Innovations introduced by leading tablet tooling and pharmaceutical manufacturers have advanced tablet production to ensure this demand is met.
One method that has made a huge impact on tablet production is multi-tip tooling.
Although it is not a new technology, multi-tip tooling has only been widely adopted in the pharmaceutical industry during more recent years. It has transformed the quantity of tablets produced and it is now considered the most productive form of tablet manufacture where it can be applied.
Multi tips have transformed the production of tablets into a process that allows manufacturers to deliver them quickly, efficiently and at a lower production cost.
Successful implementation of multi-tip tooling can reduce the need to invest in expensive tablet presses, therefore reducing the overall capital spend.
The number of tool set-ups required per production batch can also be reduced and product batches are completed quickly decreasing the overall production time. It also benefits tablets which need to be compressed within a very short time of the formulation being prepared.
So, what exactly is multi-tip tooling?
Multi-tipped tools are punches with more than one tip, ranging from a simple two tip punch to one with on average 26 tips per punch face. This number can however be increased depending on the design of a particular dosage.
Almost all presses can accommodate multi-tip tooling, but any press being planned for multi-tip production must be in good working order with no significant wear in the turret area, including punch guides, keyways and die pockets.
The cams should also be replaced if there are signs of excessive wear or degradation to prevent damage to the punch heads.
Consideration should be given to the compatibility of the press with multi-tips.
The upper turret must have a keyway in the guide to ensure alignment with the tooling.
Although the lower turret guide does not require a keyway because the tip remains captive in the die, a keyway on the lower turret is recommended when using a higher number of tips, as it helps in the setting process and avoids damage to the lower tips.
Attention should be given to the feeder paddles as they may have to be modified to ensure the amount of formulation is correct for die filling. Also, look at the tablet ejection system as it has to receive larger production volumes.
The setting of multi-tip tooling is the same as the setting of shaped punches. You should use a fitting tool to ensure that the dies are in the correct alignment and that the guides and die pockets are not out of position or worn. Care must be taken when fitting the tools to the press to avoid causing damage to the tip edges, as this will cause other problems to arise during compression.
What other factors should you consider?
It is important to look at the formulation being compressed when using multi tips as it must have the correct characteristics to work successfully.
Granulation flow is important as there will be the need for increased fill. If flow into the die is not at an optimum level, and the correct speed, then the use of multi tips will be affected and productivity increases will not be as high.
Modification of the feeder mechanism may be required to increase formulation flow, allowing for optimum press speed to be maintained.
Alternatively, the speed of the press being used may need to be reduced to allow extra time for the fill to take place.
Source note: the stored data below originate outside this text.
lemma rescaled_kderiv_component_tendsto_zero:
  assumes "k \<in> {1..<d}" "length bs = k" "\<forall>v\<in>set bs. norm v \<le> 1"
  shows "rescaled (\<lambda>x. kderiv F k x bs \<bullet> b) (1 - int k) \<longlonglongrightarrow> 0"
proof (rule Lim_null_comparison[OF always_eventually])
  show "\<forall>n. norm (rescaled (\<lambda>x. kderiv F k x bs \<bullet> b) (1 - int k) n)
      \<le> norm b * kderiv_norm F k (y n) * norm (y n) ^ (k - 1)"
  proof
    fix n
    let ?r = "norm (y n)"
    have "real_of_int (1 - int k) = - real (k - 1)"
      using assms(1) by (simp add: of_nat_diff)
    then have "?r powr real_of_int (1 - int k) = inverse (?r ^ (k - 1))"
      using norm_y_pos[of n] by (simp only: powr_minus powr_realpow)
    then have "norm (rescaled (\<lambda>x. kderiv F k x bs \<bullet> b) (1 - int k) n)
        = \<bar>kderiv F k (y n) bs \<bullet> b\<bar> * ?r ^ (k - 1)"
      by (simp add: rescaled_def divide_inverse abs_mult)
    also have "\<dots> \<le> norm b * kderiv_norm F k (y n) * ?r ^ (k - 1)"
    proof (rule mult_right_mono)
      show "\<bar>kderiv F k (y n) bs \<bullet> b\<bar> \<le> norm b * kderiv_norm F k (y n)"
        using Cauchy_Schwarz_ineq2[of "kderiv F k (y n) bs" b]
          norm_kderiv_le_kderiv_norm[OF smooth_F assms(2,3), of "y n"]
        by (metis mult.commute mult_right_mono norm_ge_zero order_trans)
    qed simp
    finally show "norm (rescaled (\<lambda>x. kderiv F k x bs \<bullet> b) (1 - int k) n)
        \<le> norm b * kderiv_norm F k (y n) * ?r ^ (k - 1)" .
  qed
  show "(\<lambda>n. norm b * kderiv_norm F k (y n) * norm (y n) ^ (k - 1)) \<longlonglongrightarrow> 0"
    using tendsto_mult_right_zero[OF flat[OF assms(1)], of "norm b"] by (simp add: mult_ac)
qed

lemma Bseq_norm_y_powr:
  assumes "w \<le> 0"
  shows "Bseq (\<lambda>n. norm (y n) powr w)"
proof (rule BseqI')
  fix n
  show "norm (norm (y n) powr w) \<le> \<delta> powr w"
    using powr_mono2'[OF assms \<delta>_pos y_away[of n]] by simp
qed

lemma rescaled_mult:
  "rescaled (\<lambda>x. g1 x * g2 x) (w1 + w2) = (\<lambda>n. rescaled g1 w1 n * rescaled g2 w2 n)"
  unfolding rescaled_def by (rule ext) (simp add: powr_add)

lemma rescaled_add:
  "rescaled (\<lambda>x. g1 x + g2 x) w = (\<lambda>n. rescaled g1 w n + rescaled g2 w n)"
  unfolding rescaled_def by (rule ext) (simp add: add_divide_distrib)

lemma rescaled_change_weight:
  "rescaled g w' = (\<lambda>n. norm (y n) powr real_of_int (w - w') * rescaled g w n)"
  unfolding rescaled_def by (rule ext) (simp add: powr_diff norm_y_pos)

lemma controlled_rescaled:
  assumes "controlled m w s g" "m < d"
  shows "Bseq (rescaled g w) \<and> (s \<longrightarrow> rescaled g w \<longlonglongrightarrow> 0)"
  using assms
proof (induction rule: controlled.induct)
  case (const c)
  then show ?case using norm_y_pos by (simp add: rescaled_def)
next
  case (zero w)
  then show ?case by (simp add: rescaled_def)
next
  case (drift_component b)
  then show ?case using Bseq_rescaled_drift_component by simp
next
  case (kderiv_component k bs b)
  then have "rescaled (\<lambda>x. kderiv F k x bs \<bullet> b) (1 - int k) \<longlonglongrightarrow> 0"
    by (intro rescaled_kderiv_component_tendsto_zero) auto
  then show ?case by (auto intro: convergent_imp_Bseq convergentI)
next
  case (mult m1 w1 s1 g1 m2 w2 s2 g2)
  then have B: "Bseq (rescaled g1 w1)" "Bseq (rescaled g2 w2)"
    and "s1 \<or> s2 \<longrightarrow> rescaled g1 w1 \<longlonglongrightarrow> 0 \<or> rescaled g2 w2 \<longlonglongrightarrow> 0"
    by auto
  then show ?case
    unfolding rescaled_mult using Bseq_mult[OF B] Bseq_mult_tendsto_zero[OF B] by blast
next
  case (add m w s g1 g2)
  then show ?case
    unfolding rescaled_add by (auto intro: Bseq_plus tendsto_add_zero)
next
  case (weaken m w s g m' w' s')
  then have IH: "Bseq (rescaled g w)" "s \<longrightarrow> rescaled g w \<longlonglongrightarrow> 0"
    by simp_all
  have "Bseq (\<lambda>n. norm (y n) powr real_of_int (w - w'))"
    using \<open>w \<le> w'\<close> by (intro Bseq_norm_y_powr) simp
  note B = this IH(1)
  show ?case
    unfolding rescaled_change_weight[of g w' w]
    using Bseq_mult[OF B] Bseq_mult_tendsto_zero[OF B] IH(2) \<open>s' \<longrightarrow> s\<close> by blast
qed

lemma controlled_scale: "controlled m w s g \<Longrightarrow> controlled m w s (\<lambda>x. c * g x)"
  using mult[OF const[of c]] by simp

lemma controlled_diff:
  "controlled m w s g1 \<Longrightarrow> controlled m w s g2 \<Longrightarrow> controlled m w s (\<lambda>x. g1 x - g2 x)"
  using add[of m w s g1 "\<lambda>x. (-1) * g2 x"] controlled_scale[of m w s g2 "-1"] by simp

lemma controlled_sum:
  "finite S \<Longrightarrow> (\<And>i. i \<in> S \<Longrightarrow> controlled m w s (g i)) \<Longrightarrow> controlled m w s (\<lambda>x. \<Sum>i\<in>S. g i x)"
proof (induction S rule: finite_induct)
  case empty
  show ?case using weaken[OF zero[of w], of m w s] by simp
next
  case (insert a S)
  then show ?case using add[of m w s "g a" "\<lambda>x. \<Sum>i\<in>S. g i x"] by simp
qed

lemma controlled_drift_component_derivative:
  "controlled 1 1 False (\<lambda>x. (A (drift x) + frechet_derivative F (at x) (drift x)) \<bullet> b)"
proof -
  have expand: "(A v + frechet_derivative F (at x) v) \<bullet> b
      = (\<Sum>b'\<in>Basis. (v \<bullet> b') * (A b' \<bullet> b + kderiv F 1 x [b'] \<bullet> b))" for x v
    using Linear_Algebra.linear_componentwise[OF linear_A, of v b]
      Linear_Algebra.linear_componentwise[OF linear_frechet_derivative[OF differentiable_F[of x]], of v b]
    by (simp add: inner_add_left distrib_left sum.distrib)
  have "controlled 1 1 False (\<lambda>x. (drift x \<bullet> b') * (A b' \<bullet> b + kderiv F 1 x [b'] \<bullet> b))"
    if "b' \<in> Basis" for b'
  proof -
    have k1: "controlled 1 (1 - int 1) True (\<lambda>x. kderiv F 1 x [b'] \<bullet> b)"
      using that by (intro kderiv_component) auto
    have "controlled 1 0 False (\<lambda>x. A b' \<bullet> b + kderiv F 1 x [b'] \<bullet> b)"
    proof (rule add)
      show "controlled 1 0 False (\<lambda>x. A b' \<bullet> b)" by (rule weaken[OF const]) auto
      show "controlled 1 0 False (\<lambda>x. kderiv F 1 x [b'] \<bullet> b)" by (rule weaken[OF k1]) auto
    qed
    then show ?thesis by (rule weaken[OF mult[OF drift_component]]) auto
  qed
  then have "controlled 1 1 False
      (\<lambda>x. \<Sum>b'\<in>Basis. (drift x \<bullet> b') * (A b' \<bullet> b + kderiv F 1 x [b'] \<bullet> b))"
    by (intro controlled_sum) auto
  then show ?thesis by (simp only: expand)
qed

lemma controlled_kderiv_component_derivative:
  assumes "1 \<le> k" "length bs = k" "\<forall>v\<in>set bs. norm v \<le> 1"
  shows "controlled (Suc k) (1 - int k) True
    (\<lambda>x. frechet_derivative (\<lambda>z. kderiv F k z bs) (at x) (drift x) \<bullet> b)"
proof -
  have expand: "frechet_derivative (\<lambda>z. kderiv F k z bs) (at x) v \<bullet> b
      = (\<Sum>b'\<in>Basis. (v \<bullet> b') * (kderiv F (Suc k) x (b' # bs) \<bullet> b))" for x v
    using Linear_Algebra.linear_componentwise[OF linear_frechet_derivative[OF
        kderiv_differentiable[OF smooth_F assms(2), of x]], of v b]
    by simp
  have "controlled (Suc k) (1 - int k) True
      (\<lambda>x. (drift x \<bullet> b') * (kderiv F (Suc k) x (b' # bs) \<bullet> b))" if "b' \<in> Basis" for b'
  proof -
    have "controlled (Suc k) (1 - int (Suc k)) True (\<lambda>x. kderiv F (Suc k) x (b' # bs) \<bullet> b)"
      using assms that by (intro kderiv_component) auto
    then show ?thesis by (rule weaken[OF mult[OF drift_component]]) auto
  qed
  then have "controlled (Suc k) (1 - int k) True
      (\<lambda>x. \<Sum>b'\<in>Basis. (drift x \<bullet> b') * (kderiv F (Suc k) x (b' # bs) \<bullet> b))"
    by (intro controlled_sum) auto
  then show ?thesis by (simp only: expand)
qed

lemma controlled_derivative:
  assumes "controlled m w s g"
  shows "\<exists>g'. (\<forall>x. (g has_derivative g' x) (at x)) \<and> controlled (Suc m) w s (\<lambda>x. g' x (drift x))"
  using assms
proof (induction rule: controlled.induct)
  case (const c)
  show ?case
    by (intro exI[of _ "\<lambda>x h. 0"] conjI allI has_derivative_const)
       (rule controlled.weaken[OF controlled.zero[of 0]], simp_all)
next
  case (zero w)
  show ?case
    by (intro exI[of _ "\<lambda>x h. 0"] conjI allI has_derivative_const)
       (rule controlled.weaken[OF controlled.zero[of w]], simp_all)
next
  case (drift_component b)
  have "((\<lambda>x. drift x \<bullet> b) has_derivative (\<lambda>h. (A h + frechet_derivative F (at x) h) \<bullet> b)) (at x)" for x
    by (intro has_derivative_inner_left drift_has_derivative)
  then show ?case
    using controlled_drift_component_derivative[of b]
    by (intro exI[of _ "\<lambda>x h. (A h + frechet_derivative F (at x) h) \<bullet> b"]) simp
next
  case (kderiv_component k bs b)
  have "((\<lambda>x. kderiv F k x bs \<bullet> b) has_derivative
      (\<lambda>h. frechet_derivative (\<lambda>z. kderiv F k z bs) (at x) h \<bullet> b)) (at x)" for x
    using kderiv_differentiable[OF smooth_F kderiv_component(2)]
    by (intro has_derivative_inner_left) (simp add: frechet_derivative_works)
  then show ?case
    using controlled_kderiv_component_derivative[OF kderiv_component, of b]
    by (intro exI[of _ "\<lambda>x h. frechet_derivative (\<lambda>z. kderiv F k z bs) (at x) h \<bullet> b"]) simp
next
  case (mult m1 w1 s1 g1 m2 w2 s2 g2)
  obtain d1 where d1: "\<And>x. (g1 has_derivative d1 x) (at x)" "controlled (Suc m1) w1 s1 (\<lambda>x. d1 x (drift x))"
    using mult by blast
  obtain d2 where d2: "\<And>x. (g2 has_derivative d2 x) (at x)" "controlled (Suc m2) w2 s2 (\<lambda>x. d2 x (drift x))"
    using mult by blast
  have "((\<lambda>x. g1 x * g2 x) has_derivative (\<lambda>h. g1 x * d2 x h + d1 x h * g2 x)) (at x)" for x
    using d1(1) d2(1) by (rule has_derivative_mult)
  moreover have "controlled (Suc (max m1 m2)) (w1 + w2) (s1 \<or> s2)
      (\<lambda>x. g1 x * d2 x (drift x) + d1 x (drift x) * g2 x)"
  proof (rule controlled.add)
    show "controlled (Suc (max m1 m2)) (w1 + w2) (s1 \<or> s2) (\<lambda>x. g1 x * d2 x (drift x))"
      by (rule controlled.weaken[OF controlled.mult[OF mult.hyps(1) d2(2)]]) auto
    show "controlled (Suc (max m1 m2)) (w1 + w2) (s1 \<or> s2) (\<lambda>x. d1 x (drift x) * g2 x)"
      by (rule controlled.weaken[OF controlled.mult[OF d1(2) mult.hyps(2)]]) auto
  qed
  ultimately show ?case
    by (intro exI[of _ "\<lambda>x h. g1 x * d2 x h + d1 x h * g2 x"]) simp
next
  case (add m w s g1 g2)
  obtain d1 where d1: "\<And>x. (g1 has_derivative d1 x) (at x)" "controlled (Suc m) w s (\<lambda>x. d1 x (drift x))"
    using add by blast
  obtain d2 where d2: "\<And>x. (g2 has_derivative d2 x) (at x)" "controlled (Suc m) w s (\<lambda>x. d2 x (drift x))"
    using add by blast
  have "((\<lambda>x. g1 x + g2 x) has_derivative (\<lambda>h. d1 x h + d2 x h)) (at x)" for x
    using d1(1) d2(1) by (rule has_derivative_add)
  with controlled.add[OF d1(2) d2(2)] show ?case
    by (intro exI[of _ "\<lambda>x h. d1 x h + d2 x h"]) simp
next
  case (weaken m w s g m' w' s')
  then obtain g' where "\<forall>x. (g has_derivative g' x) (at x)" "controlled (Suc m) w s (\<lambda>x. g' x (drift x))"
    by blast
  moreover have "controlled (Suc m') w' s' (\<lambda>x. g' x (drift x))"
    using weaken.hyps(2-4) by (intro controlled.weaken[OF calculation(2)]) auto
  ultimately show ?case by blast
qed

definition controlled_field :: "nat \<Rightarrow> ('a \<Rightarrow> 'a) \<Rightarrow> bool" where
  "controlled_field m R \<longleftrightarrow> (\<forall>b\<in>Basis. controlled m 0 True (\<lambda>x. R x \<bullet> b))"

lemma controlled_field_derivative:
  assumes "controlled_field m R"
  shows "\<exists>R'. (\<forall>x. (R has_derivative R' x) (at x)) \<and> controlled_field (Suc m) (\<lambda>x. R' x (drift x))"
proof -
  have "\<forall>b\<in>Basis. \<exists>g'. (\<forall>x. ((\<lambda>x. R x \<bullet> b) has_derivative g' x) (at x))
      \<and> controlled (Suc m) 0 True (\<lambda>x. g' x (drift x))"
    using assms controlled_derivative unfolding controlled_field_def by blast
  then obtain G where G: "\<forall>b\<in>Basis. (\<forall>x. ((\<lambda>x. R x \<bullet> b) has_derivative G b x) (at x))
      \<and> controlled (Suc m) 0 True (\<lambda>x. G b x (drift x))"
    by (rule bchoice[elim_format]) blast
  define R' where "R' x h = (\<Sum>b\<in>Basis. G b x h *\<^sub>R b)" for x h
  have R'_component: "R' x h \<bullet> i = G i x h" if "i \<in> Basis" for x h i
    unfolding R'_def using inner_sum_Basis_scaleR[OF that, of "\<lambda>b. G b x h"] .
  have "(R has_derivative R' x) (at x)" for x
  proof (rule has_derivative_componentwise_within[THEN iffD2], rule ballI)
    fix i :: 'a
    assume i: "i \<in> Basis"
    have "(\<lambda>h. R' x h \<bullet> i) = G i x"
      by (rule ext) (rule R'_component[OF i])
    then show "((\<lambda>x. R x \<bullet> i) has_derivative (\<lambda>h. R' x h \<bullet> i)) (at x)"
      using conjunct1[OF bspec[OF G i], rule_format, of x] by (simp only:)
  qed
  moreover have "controlled_field (Suc m) (\<lambda>x. R' x (drift x))"
    unfolding controlled_field_def
  proof
    fix i :: 'a
    assume i: "i \<in> Basis"
    have "(\<lambda>x. R' x (drift x) \<bullet> i) = (\<lambda>x. G i x (drift x))"
      by (rule ext) (rule R'_component[OF i])
    then show "controlled (Suc m) 0 True (\<lambda>x. R' x (drift x) \<bullet> i)"
      using conjunct2[OF bspec[OF G i]] by (simp only:)
  qed
  ultimately show ?thesis by blast
qed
Particle size is another important factor. If there are high percentage of fines, problems typically experienced when using single tip tooling can be multiplied.
The particle size must be within certain limits for the tooling to work effectively; however, with modification to features of the tablet design, like tip length and types of undercut, and changes to the working tolerances, multi tips can be accommodated.
Multi tips can produce most tablet designs, but this is influenced by the press and tool type capabilities.
You must look at the tablet size to evaluate the number of tips to fit the punch. Shapes such as ovals can be more challenging to arrange while delivering a robust tool, optimising die filling, and tablet take-off positions.
The tablet size in relation to the punch type dictates the number of tips per punch. With tablets moving towards the ‘micro’ size, which can be produced quickly using punches with many tips, this design is growing.
Any tip size of 4mm and below is considered a micro tip. Tablet diameters of this size can represent a challenge to the tooling design and it may be necessary to incorporate reinforced punch tips to prevent bending during compression. This means fitting restricted fill cams that control and limit the movement of the lower punch to restrict the depth of fill. This prevents the punch tip from dropping too low in the die bore.
Recessed dies must also be incorporated into the design to accommodate the reinforced tip, preventing it from meeting the die bore.
If your requirement for tablet manufacture is to increase production capacity within a short time frame, multi-tips are considered to be the best solution, and the key driver to increased tablet production. They can eliminate the expense and time delay that can be experienced waiting for new capital projects to be approved and implemented. They can also drive a reduction in plant running costs without decreasing output and reduce the time required to get them to market.
With the combination of correctly designed tablets and well manufactured multi-tip tooling, using the correct raw material and coatings, the use of multi-tips is the obvious answer to greater productivity, and a reduction in run-time per output of tablets, leading to less maintenance per batch and reduced press set-up time, which in turn reduces costs.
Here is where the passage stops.